(* $\mathrm D(\log a)\cap\ell^2_{\rm fin}=\{0\}$ and $\mathrm D(\log a^* )=\{0\}$. In particular the phase operator $\rho=-\frac i2(\log a-\log a^* )$, defined on $\mathrm D(\log a)\cap \mathrm D(\log a^* )$, has $\mathrm D(\rho)=\{0\}$.
   Context: $\ell^2=\ell^2(\mathbb N)$, $\mathbb N=\{0,1,2,\dots\}$, with orthonormal basis $(\xi_n)$; $\ell^2_{\rm fin}$ is the set of finite linear combinations of the $\xi_n$. The annihilation operator $a$ is the closed operator with $a\xi_n=\sqrt n\,\xi_{n-1}$ ($a\xi_0=0$) and domain $\{\sum c_n\xi_n:\sum n|c_n|^2<\infty\}$; $a^*$ is its adjoint, $a^*\xi_n=\sqrt{n+1}\,\xi_{n+1}$. For a linear operator $A$, $\log A$ is defined by $\mathrm D(\log A)=\{f\in\bigcap_{k\ge0}\mathrm D(A^k):\lim_{K\to\infty}\sum_{k=1}^K\frac1k(\mathbf 1-A)^kf\text{ exists}\}$ and $\log Af=-\sum_{k=1}^\infty\frac1k(\mathbf 1-A)^kf$. *)

theory Defs
  imports "HOL-Analysis.Analysis"
begin

text \<open>Vectors of the Hilbert space l2(N) are represented by their coefficient
  sequences c with respect to the orthonormal basis (xi_n), i.e. f = sum c_n xi_n.\<close>

type_synonym seq = "nat \<Rightarrow> complex"

definition ell2 :: "seq set" where
  "ell2 = {f. summable (\<lambda>n. (cmod (f n))\<^sup>2)}"

definition l2norm :: "seq \<Rightarrow> real" where
  "l2norm f = sqrt (\<Sum>n. (cmod (f n))\<^sup>2)"

definition ell2_fin :: "seq set" where
  "ell2_fin = {f. finite {n. f n \<noteq> 0}}"

text \<open>annihilation operator: a xi_n = sqrt n xi_(n-1), i.e. (a c)_n = sqrt(n+1) c_(n+1)\<close>
definition ann :: "seq \<Rightarrow> seq" where
  "ann f = (\<lambda>n. complex_of_real (sqrt (real (Suc n))) * f (Suc n))"

definition ann_dom :: "seq set" where
  "ann_dom = {f \<in> ell2. summable (\<lambda>n. real n * (cmod (f n))\<^sup>2)}"

text \<open>creation operator (adjoint of a): a* xi_n = sqrt(n+1) xi_(n+1),
  i.e. (a* c)_n = sqrt n c_(n-1); its domain is the same as that of a.\<close>
definition cre :: "seq \<Rightarrow> seq" where
  "cre f = (\<lambda>n. if n = 0 then 0 else complex_of_real (sqrt (real n)) * f (n - 1))"

definition cre_dom :: "seq set" where
  "cre_dom = {f \<in> ell2. summable (\<lambda>n. real (Suc n) * (cmod (f n))\<^sup>2)}"

primrec pow_dom :: "seq set \<Rightarrow> (seq \<Rightarrow> seq) \<Rightarrow> nat \<Rightarrow> seq set" where
  "pow_dom D T 0 = ell2"
| "pow_dom D T (Suc k) = {f \<in> D. T f \<in> pow_dom D T k}"

definition one_minus_pow :: "(seq \<Rightarrow> seq) \<Rightarrow> nat \<Rightarrow> seq \<Rightarrow> seq" where
  "one_minus_pow T k f = ((\<lambda>g. (\<lambda>n. g n - T g n)) ^^ k) f"

definition log_partial :: "(seq \<Rightarrow> seq) \<Rightarrow> seq \<Rightarrow> nat \<Rightarrow> seq" where
  "log_partial T f K = (\<lambda>n. \<Sum>k = 1..K. (1 / of_nat k) * one_minus_pow T k f n)"

definition log_dom :: "seq set \<Rightarrow> (seq \<Rightarrow> seq) \<Rightarrow> seq set" where
  "log_dom D T = {f \<in> (\<Inter>k. pow_dom D T k).
      \<exists>g \<in> ell2. (\<lambda>K. l2norm (\<lambda>n. log_partial T f K n - g n)) \<longlonglongrightarrow> 0}"

definition phase_dom :: "seq set" where
  "phase_dom = log_dom ann_dom ann \<inter> log_dom cre_dom cre"

end

theory Submission
  imports Defs
begin

text \<open>If some coefficient of \<open>(1 - A)\<^sup>k f\<close> does not depend on \<open>k\<close>, say it equals \<open>c\<close>, then
  the same coefficient of the \<open>K\<close>-th partial sum of the logarithm series is \<open>c H\<^sub>K\<close> with
  \<open>H\<^sub>K\<close> the harmonic numbers; since \<open>\<ell>\<^sup>2\<close>-convergence implies coefficientwise convergence,
  \<open>c = 0\<close>. The annihilation operator lowers indices, so the top coefficient of a finitely
  supported \<open>f\<close> is stable; the creation operator raises them, so the lowest nonzero
  coefficient of any \<open>f\<close> is stable.\<close>

lemma square_sum_le: "(a + b :: real)\<^sup>2 \<le> 2 * a\<^sup>2 + 2 * b\<^sup>2"
  using zero_le_power2[of "a - b"] by (simp add: power2_diff power2_sum)

lemma summable_weighted_norm_diff:
  fixes f g :: seq
  assumes w: "\<And>n. w n \<ge> (0::real)"
    and sf: "summable (\<lambda>n. w n * (cmod (f n))\<^sup>2)"
    and sg: "summable (\<lambda>n. w n * (cmod (g n))\<^sup>2)"
  shows "summable (\<lambda>n. w n * (cmod (f n - g n))\<^sup>2)"
proof (rule summable_comparison_test')
  show "summable (\<lambda>n. 2 * (w n * (cmod (f n))\<^sup>2) + 2 * (w n * (cmod (g n))\<^sup>2))"
    using sf sg by (intro summable_add summable_mult) auto
  fix n
  have "(cmod (f n - g n))\<^sup>2 \<le> (cmod (f n) + cmod (g n))\<^sup>2"
    using norm_triangle_ineq4 by (intro power_mono) auto
  also have "\<dots> \<le> 2 * (cmod (f n))\<^sup>2 + 2 * (cmod (g n))\<^sup>2"
    by (rule square_sum_le)
  finally have "w n * (cmod (f n - g n))\<^sup>2 \<le> w n * (2 * (cmod (f n))\<^sup>2 + 2 * (cmod (g n))\<^sup>2)"
    using w by (rule mult_left_mono)
  then show "norm (w n * (cmod (f n - g n))\<^sup>2)
      \<le> 2 * (w n * (cmod (f n))\<^sup>2) + 2 * (w n * (cmod (g n))\<^sup>2)"
    using w[of n] by (simp add: algebra_simps)
qed

lemma ell2_diff: "f \<in> ell2 \<Longrightarrow> g \<in> ell2 \<Longrightarrow> (\<lambda>n. f n - g n) \<in> ell2"
  using summable_weighted_norm_diff[of "\<lambda>_. 1" f g] by (simp add: ell2_def)

lemma ell2_zero: "(\<lambda>n. 0) \<in> ell2"
  by (simp add: ell2_def)

lemma ell2_scale: "f \<in> ell2 \<Longrightarrow> (\<lambda>n. c * f n) \<in> ell2"
  unfolding ell2_def by (simp add: norm_mult power_mult_distrib summable_mult)

lemma ell2_add: "f \<in> ell2 \<Longrightarrow> g \<in> ell2 \<Longrightarrow> (\<lambda>n. f n + g n) \<in> ell2"
  using ell2_diff[of f "\<lambda>n. - g n"] ell2_scale[of g "-1"] by simp

lemma norm_le_l2norm:
  assumes "h \<in> ell2"
  shows "cmod (h n) \<le> l2norm h"
proof -
  have "(\<Sum>m\<in>{n}. (cmod (h m))\<^sup>2) \<le> (\<Sum>m. (cmod (h m))\<^sup>2)"
    using assms unfolding ell2_def by (intro sum_le_suminf) auto
  then show ?thesis
    unfolding l2norm_def by (simp add: real_le_rsqrt)
qed

lemma one_minus_pow_Suc:
  "one_minus_pow T (Suc k) f = (\<lambda>n. one_minus_pow T k f n - T (one_minus_pow T k f) n)"
  by (simp add: one_minus_pow_def)

locale diff_preserving_operator =
  fixes D :: "seq set" and T :: "seq \<Rightarrow> seq"
  assumes T_diff: "T (\<lambda>n. f n - g n) = (\<lambda>n. T f n - T g n)"
    and D_diff: "f \<in> D \<Longrightarrow> g \<in> D \<Longrightarrow> (\<lambda>n. f n - g n) \<in> D"
    and zero_in_D: "(\<lambda>n. 0) \<in> D"
begin

lemma T_zero: "T (\<lambda>n. 0) = (\<lambda>n. 0)"
  using T_diff[of "\<lambda>n. 0" "\<lambda>n. 0"] by simp

lemma pow_dom_diff:
  "f \<in> pow_dom D T k \<Longrightarrow> g \<in> pow_dom D T k \<Longrightarrow> (\<lambda>n. f n - g n) \<in> pow_dom D T k"
  by (induction k arbitrary: f g) (simp_all add: ell2_diff D_diff T_diff)

lemma one_minus_pow_in_pow_dom:
  assumes "f \<in> (\<Inter>k. pow_dom D T k)"
  shows "one_minus_pow T j f \<in> (\<Inter>k. pow_dom D T k)"
proof (induction j)
  case 0
  then show ?case using assms by (simp add: one_minus_pow_def)
next
  case (Suc j)
  have "one_minus_pow T j f \<in> pow_dom D T (Suc k)" for k
    using Suc by blast
  then have "one_minus_pow T j f \<in> pow_dom D T k" "T (one_minus_pow T j f) \<in> pow_dom D T k" for k
    using Suc by auto
  then show ?case
    unfolding one_minus_pow_Suc by (auto intro: pow_dom_diff)
qed

lemma log_partial_in_ell2:
  assumes "f \<in> (\<Inter>k. pow_dom D T k)"
  shows "log_partial T f K \<in> ell2"
proof (induction K)
  case 0
  then show ?case by (simp add: log_partial_def ell2_zero)
next
  case (Suc K)
  have "one_minus_pow T (Suc K) f \<in> pow_dom D T 0"
    using one_minus_pow_in_pow_dom[OF assms] by blast
  then have "(\<lambda>n. (1 / of_nat (Suc K)) * one_minus_pow T (Suc K) f n) \<in> ell2"
    by (intro ell2_scale) simp
  with Suc show ?case
    unfolding log_partial_def by (simp add: ell2_add)
qed

lemma zero_in_log_dom: "(\<lambda>n. 0) \<in> log_dom D T"
proof -
  have "(\<lambda>n. 0) \<in> pow_dom D T k" for k
    by (induction k) (simp_all add: ell2_zero zero_in_D T_zero)
  moreover have "one_minus_pow T k (\<lambda>n. 0) = (\<lambda>n. 0)" for k
    by (induction k) (simp_all add: one_minus_pow_Suc T_zero, simp add: one_minus_pow_def)
  ultimately show ?thesis
    unfolding log_dom_def log_partial_def
    by (auto intro!: bexI[of _ "\<lambda>n. 0"] simp: l2norm_def ell2_zero)
qed

lemma log_dom_stable_coeff_eq_0:
  assumes f: "f \<in> log_dom D T"
    and stable: "\<And>k. one_minus_pow T k f n\<^sub>0 = c"
  shows "c = 0"
proof (rule ccontr)
  assume "c \<noteq> 0"
  from f have f_pow: "f \<in> (\<Inter>k. pow_dom D T k)"
    unfolding log_dom_def by blast
  from f obtain g where g: "g \<in> ell2"
    and lim: "(\<lambda>K. l2norm (\<lambda>n. log_partial T f K n - g n)) \<longlonglongrightarrow> 0"
    unfolding log_dom_def by blast
  have coeff_le: "norm (log_partial T f K n\<^sub>0 - g n\<^sub>0) \<le> l2norm (\<lambda>n. log_partial T f K n - g n)" for K
    using norm_le_l2norm[OF ell2_diff[OF log_partial_in_ell2[OF f_pow] g]] by simp
  have "(\<lambda>K. log_partial T f K n\<^sub>0) \<longlonglongrightarrow> g n\<^sub>0"
    by (rule LIM_zero_cancel, rule tendsto_norm_zero_cancel, rule Lim_null_comparison[OF _ lim])
      (simp add: coeff_le)
  moreover have "log_partial T f K n\<^sub>0 = c * harm K" for K
    by (simp add: log_partial_def stable harm_def sum_distrib_left divide_inverse mult.commute)
  ultimately have "(\<lambda>K. c * harm K) \<longlonglongrightarrow> c * (g n\<^sub>0 / c)"
    using \<open>c \<noteq> 0\<close> by simp
  then have "(harm :: nat \<Rightarrow> complex) \<longlonglongrightarrow> g n\<^sub>0 / c"
    using tendsto_mult_left_iff[OF \<open>c \<noteq> 0\<close>] by blast
  then show False
    using not_convergent_harm convergentI by blast
qed

end

interpretation ann: diff_preserving_operator ann_dom ann
proof
  fix f g :: seq
  show "ann (\<lambda>n. f n - g n) = (\<lambda>n. ann f n - ann g n)"
    by (simp add: ann_def fun_eq_iff right_diff_distrib)
  assume "f \<in> ann_dom" "g \<in> ann_dom"
  then show "(\<lambda>n. f n - g n) \<in> ann_dom"
    unfolding ann_dom_def by (auto intro: ell2_diff summable_weighted_norm_diff)
qed (simp add: ann_dom_def ell2_zero)

interpretation cre: diff_preserving_operator cre_dom cre
proof
  fix f g :: seq
  show "cre (\<lambda>n. f n - g n) = (\<lambda>n. cre f n - cre g n)"
    by (simp add: cre_def fun_eq_iff right_diff_distrib)
  assume "f \<in> cre_dom" "g \<in> cre_dom"
  then show "(\<lambda>n. f n - g n) \<in> cre_dom"
    unfolding cre_dom_def by (auto intro: ell2_diff summable_weighted_norm_diff)
qed (simp add: cre_dom_def ell2_zero)

lemma one_minus_pow_ann_top_coeff:
  assumes "\<And>n. n > N \<Longrightarrow> f n = 0"
  shows "one_minus_pow ann k f N = f N"
proof -
  have "(\<forall>n>N. one_minus_pow ann k f n = 0) \<and> one_minus_pow ann k f N = f N"
    by (induction k) (simp_all add: assms one_minus_pow_def one_minus_pow_Suc ann_def)
  then show ?thesis ..
qed

lemma one_minus_pow_cre_bottom_coeff:
  assumes "\<And>n. n < M \<Longrightarrow> f n = 0"
  shows "one_minus_pow cre k f M = f M"
proof -
  have "(\<forall>n<M. one_minus_pow cre k f n = 0) \<and> one_minus_pow cre k f M = f M"
    by (induction k) (auto simp: assms one_minus_pow_def one_minus_pow_Suc cre_def)
  then show ?thesis ..
qed

lemma log_dom_ann_fin_eq_0:
  assumes f: "f \<in> log_dom ann_dom ann" and "f \<in> ell2_fin"
  shows "f = (\<lambda>n. 0)"
proof (rule ccontr)
  assume "f \<noteq> (\<lambda>n. 0)"
  define S where "S = {n. f n \<noteq> 0}"
  have "finite S" "S \<noteq> {}"
    using assms(2) \<open>f \<noteq> (\<lambda>n. 0)\<close> by (auto simp: S_def ell2_fin_def)
  then have "f (Max S) \<noteq> 0"
    using Max_in unfolding S_def by blast
  moreover have "f n = 0" if "n > Max S" for n
    using Max_ge[OF \<open>finite S\<close>, of n] that unfolding S_def by fastforce
  ultimately show False
    using ann.log_dom_stable_coeff_eq_0[OF f one_minus_pow_ann_top_coeff] by blast
qed

lemma log_dom_cre_eq_0:
  assumes f: "f \<in> log_dom cre_dom cre"
  shows "f = (\<lambda>n. 0)"
proof
  fix n
  show "f n = 0"
  proof (induction n rule: less_induct)
    case (less n)
    then show ?case
      using cre.log_dom_stable_coeff_eq_0[OF f one_minus_pow_cre_bottom_coeff] by blast
  qed
qed

theorem mainTheorem3:
  shows "log_dom ann_dom ann \<inter> ell2_fin = {\<lambda>n. 0} \<and> log_dom cre_dom cre = {\<lambda>n. 0} \<and> phase_dom = {\<lambda>n. 0}"
proof -
  have "(\<lambda>n. 0) \<in> ell2_fin"
    by (simp add: ell2_fin_def)
  then have ann_fin: "log_dom ann_dom ann \<inter> ell2_fin = {\<lambda>n. 0}"
    using ann.zero_in_log_dom log_dom_ann_fin_eq_0 by blast
  have cre: "log_dom cre_dom cre = {\<lambda>n. 0}"
    using cre.zero_in_log_dom log_dom_cre_eq_0 by blast
  have "phase_dom = {\<lambda>n. 0}"
    unfolding phase_dom_def cre using ann.zero_in_log_dom by blast
  with ann_fin cre show ?thesis by blast
qed

end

Exercise directions → Which of the lines above mention the word "forall"? Pull those lines out.

Response →
  have "(\<forall>n>N. one_minus_pow ann k f n = 0) \<and> one_minus_pow ann k f N = f N"
  have "(\<forall>n<M. one_minus_pow cre k f n = 0) \<and> one_minus_pow cre k f M = f M"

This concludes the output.